**What you are asked to do**: When you reach the line with "(\<forall>a\<in>S. \<forall>b\<in>S. \<forall>\<theta>::real." in the data below, begin printing lines exactly, and stop once the line with "- \<theta>) *\<^sub>R b)" has been printed.

**Provided records**:
(* Suppose Assumptions (A1), (A2), (A3) and (SC) hold. Then for every $i\in\{1,\dots,k\}$, $\frac{t}{-h_i(x,y_t^*(x))}\to\lambda_i(x)$ as $t\to0^+$, uniformly in $x\in\mathcal{X}$; that is, for every $\epsilon>0$ there is $T>0$ such that $\big|\lambda_i(x)-\frac{t}{-h_i(x,y_t^*(x))}\big|\le\epsilon$ for all $x\in\mathcal{X}$ and $0<t\le T$.
   Context: Let $f,g,h_1,\dots,h_k:\mathbb{R}^n\times\mathbb{R}^m\to\mathbb{R}$ and $\mathcal{X}\subseteq\mathbb{R}^n$. For $x\in\mathcal{X}$ let $\mathcal{Y}(x)=\{y: h_i(x,y)\le 0,\ i=1,\dots,k\}$ and $y^*(x)=\arg\min_{y\in\mathcal{Y}(x)} g(x,y)$ (a singleton under (SC)). For $t>0$ let $\widetilde g_t(x,y)=g(x,y)-t\sum_{i=1}^k\log(-h_i(x,y))$ and $y_t^*(x)=\arg\min_y\widetilde g_t(x,y)$. $\lambda_i(x)\ge0$ denotes the optimal KKT multiplier of the $i$-th constraint at $y^*(x)$. Assumptions: (A1) $f$ once and $g,h_i$ twice continuously differentiable; (A2) $\mathcal{X}$ convex and compact and for every $x\in\mathcal{X}$ there is $y$ with $h_i(x,y)<0$ for all $i$; (A3) (LICQ) for every $x\in\mathcal{X}$ and $y\in y^*(x)$, $\{\nabla_y h_i(x,y): h_i(x,y)=0\}$ is linearly independent; (SC) for every $x\in\mathcal{X}$, $g(x,\cdot)$ is $\mu_g$-strongly convex and each $h_i(x,\cdot)$ convex. *)

theory Defs
  imports "HOL-Analysis.Analysis"
begin

definition C1_fun :: "('a::real_normed_vector \<Rightarrow> real) \<Rightarrow> bool" where
  "C1_fun F \<longleftrightarrow> (\<exists>F'. (\<forall>z. (F has_derivative blinfun_apply (F' z)) (at z))
                      \<and> continuous_on UNIV F')"

definition C2_fun :: "('a::real_normed_vector \<Rightarrow> real) \<Rightarrow> bool" where
  "C2_fun F \<longleftrightarrow> (\<exists>F' F''. (\<forall>z. (F has_derivative blinfun_apply (F' z)) (at z))
                      \<and> (\<forall>z. (F' has_derivative blinfun_apply (F'' z)) (at z))
                      \<and> continuous_on UNIV F'')"

definition strongly_convex_on :: "'a::real_normed_vector set \<Rightarrow> real \<Rightarrow> ('a \<Rightarrow> real) \<Rightarrow> bool" where
  "strongly_convex_on S \<mu> \<phi> \<longleftrightarrow>
     (\<forall>a\<in>S. \<forall>b\<in>S. \<forall>\<theta>::real. 0 \<le> \<theta> \<and> \<theta> \<le> 1 \<longrightarrow>
        \<phi> (\<theta> *\<^sub>R a + (1 - \<theta>) *\<^sub>R b)
          \<le> \<theta> * \<phi> a + (1 - \<theta>) * \<phi> b - \<mu> / 2 * \<theta> * (1 - \<theta>) * (norm (a - b))\<^sup>2)"

text \<open>Constraints are indexed by i < k (i.e. 0..k-1 instead of 1..k).\<close>

definition feas ::
  "(nat \<Rightarrow> 'x \<Rightarrow> 'y \<Rightarrow> real) \<Rightarrow> nat \<Rightarrow> 'x \<Rightarrow> 'y set" where
  "feas h k x = {y. \<forall>i<k. h i x y \<le> 0}"

definition ystar ::
  "('x \<Rightarrow> 'y \<Rightarrow> real) \<Rightarrow> (nat \<Rightarrow> 'x \<Rightarrow> 'y \<Rightarrow> real) \<Rightarrow> nat \<Rightarrow> 'x \<Rightarrow> 'y" where
  "ystar g h k x = (THE y. y \<in> feas h k x \<and> (\<forall>z\<in>feas h k x. g x y \<le> g x z))"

**Result below**:
     (\<forall>a\<in>S. \<forall>b\<in>S. \<forall>\<theta>::real. 0 \<le> \<theta> \<and> \<theta> \<le> 1 \<longrightarrow>
        \<phi> (\<theta> *\<^sub>R a + (1 - \<theta>) *\<^sub>R b)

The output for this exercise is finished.